According to the Complaint, Interoil Corporation ("Interoil") was a publicly-traded oil and gas company listed on the New York Stock Exchange (the “NYSE”) prior to the acquisition of all of the issued and outstanding shares of InterOil by an affiliate of Exxon on or about February 22, 2017 (the “Acquisition”). InterOil engaged in the exploration, appraisal and development of hydrocarbon resources.

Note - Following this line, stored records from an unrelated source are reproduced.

lemma reg_proj_quadratic_nonneg:
  assumes G: "G \<in> carrier_mat n m" and eta: "\<eta> > 0" and f: "f \<in> carrier_vec n"
  shows "0 \<le> f \<bullet> (reg_proj \<eta> G *\<^sub>v f)"
proof -
  define M where "M = mat_inv (reg_gram \<eta> m G)"
  note M = mat_inv_reg_gram[OF G eta, folded M_def]
  define y where "y = - (M *\<^sub>v (transpose_mat G *\<^sub>v f))"
  have y: "y \<in> carrier_vec m" unfolding y_def using G M(1) f by simp
  have Gf: "transpose_mat G *\<^sub>v f \<in> carrier_vec m" using G f by simp
  have normal_eq: "reg_gram \<eta> m G *\<^sub>v y = - (transpose_mat G *\<^sub>v f)"
    unfolding y_def using G M(1,2) Gf
    by (simp add: mult_mat_vec_uminus[of _ m m] assoc_mult_mat_vec[symmetric, of _ m m M m])
  define z where "z = G *\<^sub>v y"
  define r where "r = f + z"
  have z: "z \<in> carrier_vec n" unfolding z_def using G y by simp
  have "z \<bullet> f = y \<bullet> (transpose_mat G *\<^sub>v f)"
    using transpose_vec_mult_scalar[OF G y f] comm_scalar_prod[OF Gf y] comm_scalar_prod[OF z f]
    unfolding z_def by simp
  also have "\<dots> = - (y \<bullet> (reg_gram \<eta> m G *\<^sub>v y))"
    unfolding normal_eq using G y by (subst scalar_prod_uminus_right) auto
  also have "\<dots> = - (z \<bullet> z + \<eta> * (y \<bullet> y))"
    unfolding scalar_prod_reg_gram_mult_vec[OF G y] z_def ..
  finally have "z \<bullet> r = - \<eta> * (y \<bullet> y)"
    unfolding r_def using z f by (simp add: scalar_prod_add_distrib[of _ n])
  moreover have "f \<bullet> r = r \<bullet> r - z \<bullet> r"
    unfolding r_def using z f
    by (simp add: add_scalar_prod_distrib[of _ n] scalar_prod_add_distrib[of _ n])
  moreover have "reg_proj \<eta> G *\<^sub>v f = r"
    unfolding r_def z_def using reg_proj_mult_vec[OF G eta f y normal_eq] .
  ultimately show ?thesis
    using scalar_prod_self_nonneg[of r] scalar_prod_self_nonneg[of y] eta by simp
qed

definition remaining_cols :: "nat \<Rightarrow> nat \<Rightarrow> nat \<Rightarrow> nat list" where
  "remaining_cols j l k = filter (\<lambda>i. i \<noteq> j \<and> i \<noteq> l) [0..<k]"

lemma set_remaining_cols: "set (remaining_cols j l k) = {0..<k} - {j, l}"
  unfolding remaining_cols_def by auto

lemma distinct_remaining_cols: "distinct (remaining_cols j l k)"
  unfolding remaining_cols_def by simp

lemma del_two_cols_eq:
  "del_two_cols j l F = mat_of_cols (dim_row F) (map (col F) (remaining_cols j l (dim_col F)))"
proof -
  have "[col F i. i \<leftarrow> xs, i \<noteq> j, i \<noteq> l] = map (col F) (filter (\<lambda>i. i \<noteq> j \<and> i \<noteq> l) xs)" for xs
    by (induction xs) auto
  then show ?thesis unfolding del_two_cols_def remaining_cols_def by simp
qed

lemma
  fixes j l :: nat
  assumes F: "F \<in> carrier_mat n k"
  defines "m \<equiv> length (remaining_cols j l k)"
  shows del_two_cols_carrier: "del_two_cols j l F \<in> carrier_mat n m"
    and col_del_two_cols: "s < m \<Longrightarrow> col (del_two_cols j l F) s = col F (remaining_cols j l k ! s)"
    and index_del_two_cols:
      "r < n \<Longrightarrow> s < m \<Longrightarrow> del_two_cols j l F $$ (r, s) = F $$ (r, remaining_cols j l k ! s)"
  unfolding del_two_cols_eq m_def using F nth_mem[of _ "remaining_cols j l k"]
  by (auto simp: set_remaining_cols mat_of_cols_index)

lemma mult_mat_vec_del_two_cols:
  assumes F: "F \<in> carrier_mat n k" and b: "b \<in> carrier_vec k"
    and j: "j < k" and l: "l < k" and "j \<noteq> l"
  defines "cs \<equiv> remaining_cols j l k"
  shows "F *\<^sub>v b = b $ j \<cdot>\<^sub>v col F j + b $ l \<cdot>\<^sub>v col F l
           + del_two_cols j l F *\<^sub>v vec (length cs) (\<lambda>s. b $ (cs ! s))"
    (is "_ = ?u + ?G *\<^sub>v ?y")
proof (rule eq_vecI)
  have G: "?G \<in> carrier_mat n (length cs)" unfolding cs_def using del_two_cols_carrier[OF F] .
  fix r assume "r < dim_vec (?u + ?G *\<^sub>v ?y)"
  then have r: "r < n" using G by simp
  have "(F *\<^sub>v b) $ r = (\<Sum>i\<in>{0..<k}. F $$ (r, i) * b $ i)"
    using F r b by (simp add: scalar_prod_def)
  also have "\<dots> = (\<Sum>i\<in>{j, l}. F $$ (r, i) * b $ i) + (\<Sum>i\<in>set cs. F $$ (r, i) * b $ i)"
    unfolding cs_def set_remaining_cols using j l by (subst sum.subset_diff[of "{j, l}"]) auto
  also have "(\<Sum>i\<in>set cs. F $$ (r, i) * b $ i) = (\<Sum>s\<in>{0..<length cs}. F $$ (r, cs ! s) * b $ (cs ! s))"
    using sum_list_distinct_conv_sum_set[OF distinct_remaining_cols[of j l k], of "\<lambda>i. F $$ (r, i) * b $ i"]
      sum_list_sum_nth[of "map (\<lambda>i. F $$ (r, i) * b $ i) cs"]
    unfolding cs_def by simp
  also have "\<dots> = (?G *\<^sub>v ?y) $ r"
    using G r index_del_two_cols[OF F, of r _ j l, folded cs_def]
    by (auto simp: scalar_prod_def intro!: sum.cong)
  finally show "(F *\<^sub>v b) $ r = (?u + ?G *\<^sub>v ?y) $ r"
    using r F G j l \<open>j \<noteq> l\<close> by simp
qed (use F del_two_cols_carrier[OF F, of j l] in simp)

lemma mult_mat_vec_eq_P_proj:
  assumes F: "F \<in> carrier_mat n k" and eta: "\<eta> > 0"
    and j: "j < k" and l: "l < k" and "j \<noteq> l" and b: "b \<in> carrier_vec k"
    and normal_eq: "\<And>i. i < k \<Longrightarrow> i \<noteq> j \<Longrightarrow> i \<noteq> l \<Longrightarrow> (reg_gram \<eta> k F *\<^sub>v b) $ i = 0"
  shows "F *\<^sub>v b = P_proj \<eta> j l F *\<^sub>v (b $ j \<cdot>\<^sub>v col F j + b $ l \<cdot>\<^sub>v col F l)"
proof -
  define cs where "cs = remaining_cols j l k"
  define m where "m = length cs"
  define G where "G = del_two_cols j l F"
  define y where "y = vec m (\<lambda>s. b $ (cs ! s))"
  define u where "u = b $ j \<cdot>\<^sub>v col F j + b $ l \<cdot>\<^sub>v col F l"
  have G: "G \<in> carrier_mat n m" unfolding G_def m_def cs_def by (rule del_two_cols_carrier[OF F])
  have u: "u \<in> carrier_vec n" unfolding u_def using F j l by simp
  have y: "y \<in> carrier_vec m" unfolding y_def by simp
  have Fb: "F *\<^sub>v b = u + G *\<^sub>v y"
    unfolding u_def G_def y_def m_def cs_def using mult_mat_vec_del_two_cols[OF F b j l \<open>j \<noteq> l\<close>] .
  have "reg_gram \<eta> m G *\<^sub>v y = - (transpose_mat G *\<^sub>v u)"
  proof (rule eq_vecI)
    fix s assume "s < dim_vec (- (transpose_mat G *\<^sub>v u))"
    then have s: "s < m" using G by simp
    define i where "i = cs ! s"
    have i: "i < k" "i \<noteq> j" "i \<noteq> l"
      using nth_mem[OF s[unfolded m_def]] set_remaining_cols unfolding i_def cs_def by auto
    have colG: "col G s = col F i"
      unfolding G_def i_def cs_def using col_del_two_cols[OF F] s unfolding m_def cs_def .
    have "(reg_gram \<eta> m G *\<^sub>v y) $ s = col F i \<bullet> (G *\<^sub>v y) + \<eta> * b $ i"
      using index_reg_gram_mult_vec[OF G y s] colG s unfolding y_def i_def by simp
    also have "\<dots> = (reg_gram \<eta> k F *\<^sub>v b) $ i - col F i \<bullet> u"
      unfolding index_reg_gram_mult_vec[OF F b i(1)] Fb
      using scalar_prod_add_distrib[OF _ u, of "col F i" "G *\<^sub>v y"] F i(1) G y by simp
    also have "\<dots> = - (transpose_mat G *\<^sub>v u) $ s"
      using normal_eq[OF i] colG s G u by simp
    finally show "(reg_gram \<eta> m G *\<^sub>v y) $ s = (- (transpose_mat G *\<^sub>v u)) $ s"
      using s G by simp
  qed (use G in simp)
  from reg_proj_mult_vec[OF G eta u y this]
  show ?thesis unfolding P_proj_eq_reg_proj Fb u_def G_def by (rule sym)
qed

The Complaint alleges that in connection with the Acquisition, on January 13, 2017, Defendants issued the Management Information Circular for a Special Meeting of Holders of Common Shares, Options and Restricted Share Units of InterOil Corporation with Respect to an Arrangement Involving InterOil Corporation and Exxon Mobil Corporation, dated January 13, 2017 (the “Information Circular”), which contained material omissions and misstatements concerning the final appraisal well to be drilled prior to commencement of the Interim Resource Certification process and the actual value of the increase in the CRP cap. These omissions and misstatements were material to InterOil shareholders because they directly and significantly impacted the perceived value of the CRP and, thus, prevented InterOil shareholders from accurately valuing the CRP and casting an informed vote on the Acquisition.
On April 10, 2018, the Court issued an Order appointing Lead Plaintiff and Counsel. Lead Plaintiff filed an amended Complaint on June 18.